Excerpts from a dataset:
■ ■ ■ ■

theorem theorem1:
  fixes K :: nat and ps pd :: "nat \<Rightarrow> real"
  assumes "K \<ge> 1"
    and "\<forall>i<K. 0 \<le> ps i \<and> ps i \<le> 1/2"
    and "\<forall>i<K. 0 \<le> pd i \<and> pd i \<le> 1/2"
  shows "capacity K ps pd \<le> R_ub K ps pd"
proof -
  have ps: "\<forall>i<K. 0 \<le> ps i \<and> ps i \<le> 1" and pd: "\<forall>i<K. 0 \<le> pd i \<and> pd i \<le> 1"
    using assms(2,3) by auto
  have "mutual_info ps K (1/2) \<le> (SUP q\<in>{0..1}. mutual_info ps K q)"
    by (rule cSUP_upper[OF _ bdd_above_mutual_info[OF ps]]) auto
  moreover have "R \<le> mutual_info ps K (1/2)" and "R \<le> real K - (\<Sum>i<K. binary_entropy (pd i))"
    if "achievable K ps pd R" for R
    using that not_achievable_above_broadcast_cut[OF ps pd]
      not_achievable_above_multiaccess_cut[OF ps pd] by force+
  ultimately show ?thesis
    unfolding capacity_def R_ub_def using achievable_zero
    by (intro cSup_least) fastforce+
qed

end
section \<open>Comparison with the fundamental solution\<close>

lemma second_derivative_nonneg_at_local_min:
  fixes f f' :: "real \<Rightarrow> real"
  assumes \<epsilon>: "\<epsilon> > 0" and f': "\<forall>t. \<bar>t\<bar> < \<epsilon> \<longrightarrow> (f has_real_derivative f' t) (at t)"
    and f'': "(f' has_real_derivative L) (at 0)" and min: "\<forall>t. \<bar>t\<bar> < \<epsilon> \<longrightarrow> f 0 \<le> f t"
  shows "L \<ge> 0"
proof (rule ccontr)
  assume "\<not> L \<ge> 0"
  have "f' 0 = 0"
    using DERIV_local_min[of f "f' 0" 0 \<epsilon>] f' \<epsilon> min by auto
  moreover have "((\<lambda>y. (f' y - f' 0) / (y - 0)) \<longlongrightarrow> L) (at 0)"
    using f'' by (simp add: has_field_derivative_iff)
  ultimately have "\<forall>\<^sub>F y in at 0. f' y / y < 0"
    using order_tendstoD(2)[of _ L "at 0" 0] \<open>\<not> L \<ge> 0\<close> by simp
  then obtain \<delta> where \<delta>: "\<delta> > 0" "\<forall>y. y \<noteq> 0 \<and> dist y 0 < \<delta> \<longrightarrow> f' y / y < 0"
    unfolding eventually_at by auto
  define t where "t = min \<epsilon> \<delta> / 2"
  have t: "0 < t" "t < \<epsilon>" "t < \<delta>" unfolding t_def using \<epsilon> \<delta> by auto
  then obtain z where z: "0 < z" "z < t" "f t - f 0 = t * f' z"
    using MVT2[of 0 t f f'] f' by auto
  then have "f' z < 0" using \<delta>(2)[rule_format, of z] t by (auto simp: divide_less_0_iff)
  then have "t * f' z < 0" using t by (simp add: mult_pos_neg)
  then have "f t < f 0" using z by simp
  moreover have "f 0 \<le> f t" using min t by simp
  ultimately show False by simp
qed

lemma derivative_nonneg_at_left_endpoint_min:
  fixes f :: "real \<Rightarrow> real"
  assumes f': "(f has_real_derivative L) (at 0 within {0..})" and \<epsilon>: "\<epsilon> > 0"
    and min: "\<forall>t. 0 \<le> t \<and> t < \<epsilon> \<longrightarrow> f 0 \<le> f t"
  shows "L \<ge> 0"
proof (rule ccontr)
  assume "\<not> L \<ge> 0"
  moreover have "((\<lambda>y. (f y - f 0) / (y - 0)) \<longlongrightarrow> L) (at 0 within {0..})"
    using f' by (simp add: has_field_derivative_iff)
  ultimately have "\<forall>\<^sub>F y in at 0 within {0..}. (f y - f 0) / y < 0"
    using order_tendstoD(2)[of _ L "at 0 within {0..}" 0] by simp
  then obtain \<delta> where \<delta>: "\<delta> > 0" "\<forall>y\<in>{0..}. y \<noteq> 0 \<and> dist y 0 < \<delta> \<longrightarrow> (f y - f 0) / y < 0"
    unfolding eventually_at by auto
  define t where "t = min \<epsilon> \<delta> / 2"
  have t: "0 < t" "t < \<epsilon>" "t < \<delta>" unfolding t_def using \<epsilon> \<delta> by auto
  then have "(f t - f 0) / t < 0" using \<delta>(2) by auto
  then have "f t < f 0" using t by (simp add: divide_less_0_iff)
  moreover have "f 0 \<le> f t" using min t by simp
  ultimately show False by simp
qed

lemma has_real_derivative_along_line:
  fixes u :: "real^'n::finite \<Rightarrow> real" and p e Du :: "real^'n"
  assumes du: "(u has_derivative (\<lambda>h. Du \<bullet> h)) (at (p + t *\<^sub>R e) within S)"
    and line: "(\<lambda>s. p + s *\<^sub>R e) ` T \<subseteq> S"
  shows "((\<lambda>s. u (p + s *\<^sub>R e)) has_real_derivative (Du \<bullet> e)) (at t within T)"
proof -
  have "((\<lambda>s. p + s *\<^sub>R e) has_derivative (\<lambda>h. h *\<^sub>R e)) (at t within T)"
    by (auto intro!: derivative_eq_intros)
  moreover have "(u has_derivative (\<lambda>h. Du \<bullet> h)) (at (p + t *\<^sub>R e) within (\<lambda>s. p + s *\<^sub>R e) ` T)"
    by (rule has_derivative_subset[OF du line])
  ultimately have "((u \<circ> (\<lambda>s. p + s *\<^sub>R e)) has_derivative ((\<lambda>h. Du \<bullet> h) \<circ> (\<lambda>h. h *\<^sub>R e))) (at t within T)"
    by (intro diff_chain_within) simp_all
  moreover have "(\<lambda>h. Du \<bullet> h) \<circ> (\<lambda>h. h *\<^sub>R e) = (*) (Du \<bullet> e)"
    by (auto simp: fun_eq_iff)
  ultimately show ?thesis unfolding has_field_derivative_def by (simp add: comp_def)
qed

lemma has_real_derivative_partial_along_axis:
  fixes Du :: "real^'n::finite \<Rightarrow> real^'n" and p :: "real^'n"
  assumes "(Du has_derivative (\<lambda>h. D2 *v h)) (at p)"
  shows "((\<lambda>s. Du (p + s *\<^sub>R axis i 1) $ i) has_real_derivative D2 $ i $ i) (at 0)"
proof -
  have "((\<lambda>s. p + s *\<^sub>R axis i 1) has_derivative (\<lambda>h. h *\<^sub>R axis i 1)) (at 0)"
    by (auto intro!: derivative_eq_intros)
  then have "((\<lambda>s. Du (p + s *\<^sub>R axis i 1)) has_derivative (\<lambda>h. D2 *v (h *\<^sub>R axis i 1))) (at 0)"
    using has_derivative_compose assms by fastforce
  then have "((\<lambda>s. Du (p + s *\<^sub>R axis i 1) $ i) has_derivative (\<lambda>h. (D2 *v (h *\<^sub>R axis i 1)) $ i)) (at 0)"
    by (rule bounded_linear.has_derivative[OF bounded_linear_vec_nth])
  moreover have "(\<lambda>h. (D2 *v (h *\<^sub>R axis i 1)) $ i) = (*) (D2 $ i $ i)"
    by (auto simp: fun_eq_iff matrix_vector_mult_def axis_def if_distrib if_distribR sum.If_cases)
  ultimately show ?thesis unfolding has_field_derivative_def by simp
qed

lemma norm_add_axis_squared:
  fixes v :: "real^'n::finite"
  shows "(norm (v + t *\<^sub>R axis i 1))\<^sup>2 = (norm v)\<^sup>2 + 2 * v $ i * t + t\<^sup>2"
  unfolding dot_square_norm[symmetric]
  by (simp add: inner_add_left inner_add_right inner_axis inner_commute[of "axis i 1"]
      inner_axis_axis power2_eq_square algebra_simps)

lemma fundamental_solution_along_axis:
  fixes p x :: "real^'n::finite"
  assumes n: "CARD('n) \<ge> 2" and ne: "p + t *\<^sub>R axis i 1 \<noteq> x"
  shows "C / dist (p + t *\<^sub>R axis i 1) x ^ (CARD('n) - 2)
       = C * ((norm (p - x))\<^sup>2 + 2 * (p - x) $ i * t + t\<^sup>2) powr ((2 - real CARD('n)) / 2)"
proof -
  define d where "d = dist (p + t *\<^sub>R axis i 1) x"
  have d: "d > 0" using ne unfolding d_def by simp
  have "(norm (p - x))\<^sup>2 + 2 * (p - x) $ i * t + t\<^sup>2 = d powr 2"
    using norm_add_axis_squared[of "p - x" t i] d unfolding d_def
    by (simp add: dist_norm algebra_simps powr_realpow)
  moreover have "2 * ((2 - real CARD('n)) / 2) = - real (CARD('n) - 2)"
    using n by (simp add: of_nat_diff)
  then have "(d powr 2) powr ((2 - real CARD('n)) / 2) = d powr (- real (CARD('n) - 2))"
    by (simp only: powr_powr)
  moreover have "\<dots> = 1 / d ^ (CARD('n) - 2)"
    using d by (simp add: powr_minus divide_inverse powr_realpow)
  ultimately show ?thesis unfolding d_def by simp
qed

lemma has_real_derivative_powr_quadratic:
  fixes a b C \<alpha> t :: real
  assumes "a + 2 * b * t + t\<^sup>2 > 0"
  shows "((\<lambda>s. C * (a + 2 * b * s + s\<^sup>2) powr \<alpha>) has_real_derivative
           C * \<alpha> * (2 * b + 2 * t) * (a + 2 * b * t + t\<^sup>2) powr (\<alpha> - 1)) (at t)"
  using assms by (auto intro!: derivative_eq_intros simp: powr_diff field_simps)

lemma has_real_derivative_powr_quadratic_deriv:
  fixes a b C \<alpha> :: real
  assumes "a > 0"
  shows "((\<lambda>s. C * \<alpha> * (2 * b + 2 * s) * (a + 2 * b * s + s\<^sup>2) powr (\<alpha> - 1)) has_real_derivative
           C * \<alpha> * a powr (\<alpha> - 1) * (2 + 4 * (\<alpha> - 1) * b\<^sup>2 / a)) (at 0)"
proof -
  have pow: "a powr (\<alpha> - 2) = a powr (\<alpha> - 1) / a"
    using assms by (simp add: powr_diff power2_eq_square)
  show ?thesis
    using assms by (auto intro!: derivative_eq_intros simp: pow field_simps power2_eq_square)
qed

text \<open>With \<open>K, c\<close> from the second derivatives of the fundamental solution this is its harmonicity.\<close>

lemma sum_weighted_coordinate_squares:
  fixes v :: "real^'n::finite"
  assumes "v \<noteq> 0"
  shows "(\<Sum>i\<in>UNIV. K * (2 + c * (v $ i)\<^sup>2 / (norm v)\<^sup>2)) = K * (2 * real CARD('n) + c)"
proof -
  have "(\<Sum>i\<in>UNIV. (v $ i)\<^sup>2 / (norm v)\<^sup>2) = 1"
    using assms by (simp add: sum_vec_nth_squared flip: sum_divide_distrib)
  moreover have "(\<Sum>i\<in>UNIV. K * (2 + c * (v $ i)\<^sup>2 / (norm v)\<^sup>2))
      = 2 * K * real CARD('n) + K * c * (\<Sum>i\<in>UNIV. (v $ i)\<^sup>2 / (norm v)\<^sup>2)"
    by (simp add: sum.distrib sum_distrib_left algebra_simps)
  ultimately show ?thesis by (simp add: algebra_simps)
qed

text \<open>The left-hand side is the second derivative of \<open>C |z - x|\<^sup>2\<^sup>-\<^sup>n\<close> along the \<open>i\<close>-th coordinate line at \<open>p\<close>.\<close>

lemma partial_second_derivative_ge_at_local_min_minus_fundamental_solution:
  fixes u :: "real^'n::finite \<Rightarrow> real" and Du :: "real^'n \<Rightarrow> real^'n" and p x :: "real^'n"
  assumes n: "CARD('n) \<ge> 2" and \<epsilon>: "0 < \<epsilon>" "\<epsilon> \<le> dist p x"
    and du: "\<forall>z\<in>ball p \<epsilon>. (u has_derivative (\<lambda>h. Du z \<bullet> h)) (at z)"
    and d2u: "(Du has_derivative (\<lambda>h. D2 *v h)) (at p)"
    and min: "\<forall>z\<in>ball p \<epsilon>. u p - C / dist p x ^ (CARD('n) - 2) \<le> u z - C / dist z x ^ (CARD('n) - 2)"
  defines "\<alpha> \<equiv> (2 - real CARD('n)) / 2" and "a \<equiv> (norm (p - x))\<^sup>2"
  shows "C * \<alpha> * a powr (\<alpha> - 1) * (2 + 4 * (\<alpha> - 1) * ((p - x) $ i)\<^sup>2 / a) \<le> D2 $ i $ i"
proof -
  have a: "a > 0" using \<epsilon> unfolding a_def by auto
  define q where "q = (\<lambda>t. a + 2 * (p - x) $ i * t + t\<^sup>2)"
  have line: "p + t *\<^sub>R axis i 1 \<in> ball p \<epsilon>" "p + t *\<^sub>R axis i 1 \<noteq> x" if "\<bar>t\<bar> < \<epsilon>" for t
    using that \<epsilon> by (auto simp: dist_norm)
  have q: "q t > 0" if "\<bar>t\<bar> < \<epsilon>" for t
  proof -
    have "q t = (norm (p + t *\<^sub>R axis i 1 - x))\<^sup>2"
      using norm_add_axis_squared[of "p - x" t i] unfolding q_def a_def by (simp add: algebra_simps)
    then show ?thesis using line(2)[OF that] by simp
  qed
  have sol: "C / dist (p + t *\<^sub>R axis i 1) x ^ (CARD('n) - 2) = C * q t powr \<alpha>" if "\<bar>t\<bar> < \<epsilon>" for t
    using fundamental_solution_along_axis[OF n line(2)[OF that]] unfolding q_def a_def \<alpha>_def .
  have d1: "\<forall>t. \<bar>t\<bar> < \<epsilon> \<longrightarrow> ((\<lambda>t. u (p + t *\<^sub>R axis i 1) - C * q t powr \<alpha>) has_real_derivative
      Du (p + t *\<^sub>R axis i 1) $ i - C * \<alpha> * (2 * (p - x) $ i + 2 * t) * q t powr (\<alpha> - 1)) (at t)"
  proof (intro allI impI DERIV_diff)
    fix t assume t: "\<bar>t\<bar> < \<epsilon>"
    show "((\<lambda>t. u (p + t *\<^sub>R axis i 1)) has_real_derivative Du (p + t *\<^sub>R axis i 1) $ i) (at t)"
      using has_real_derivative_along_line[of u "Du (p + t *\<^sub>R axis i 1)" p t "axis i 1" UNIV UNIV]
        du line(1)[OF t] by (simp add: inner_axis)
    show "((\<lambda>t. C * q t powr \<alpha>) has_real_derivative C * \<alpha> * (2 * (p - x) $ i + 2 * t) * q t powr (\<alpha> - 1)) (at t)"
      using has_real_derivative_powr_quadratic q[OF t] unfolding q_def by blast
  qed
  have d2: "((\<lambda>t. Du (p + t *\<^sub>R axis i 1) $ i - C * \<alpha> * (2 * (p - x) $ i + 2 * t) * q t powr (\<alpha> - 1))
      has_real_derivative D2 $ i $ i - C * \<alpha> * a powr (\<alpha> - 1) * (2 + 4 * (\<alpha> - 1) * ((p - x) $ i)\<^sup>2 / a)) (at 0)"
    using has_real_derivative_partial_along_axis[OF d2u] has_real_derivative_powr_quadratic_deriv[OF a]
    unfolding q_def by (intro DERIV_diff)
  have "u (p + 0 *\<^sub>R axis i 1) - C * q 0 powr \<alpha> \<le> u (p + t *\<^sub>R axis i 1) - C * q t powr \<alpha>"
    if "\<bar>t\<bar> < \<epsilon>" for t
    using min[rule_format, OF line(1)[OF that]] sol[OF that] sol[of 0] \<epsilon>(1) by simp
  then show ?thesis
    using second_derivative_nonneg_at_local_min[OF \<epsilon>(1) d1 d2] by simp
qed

■ ■ ■ ■

_Work to complete_
Here the job is to transcribe the lines from the first line of the data through the line containing "using assms(2,3) by auto", inclusive, exactly and with nothing else.

_Task result_
theorem theorem1:
  fixes K :: nat and ps pd :: "nat \<Rightarrow> real"
  assumes "K \<ge> 1"
    and "\<forall>i<K. 0 \<le> ps i \<and> ps i \<le> 1/2"
    and "\<forall>i<K. 0 \<le> pd i \<and> pd i \<le> 1/2"
  shows "capacity K ps pd \<le> R_ub K ps pd"
proof -
  have ps: "\<forall>i<K. 0 \<le> ps i \<and> ps i \<le> 1" and pd: "\<forall>i<K. 0 \<le> pd i \<and> pd i \<le> 1"
    using assms(2,3) by auto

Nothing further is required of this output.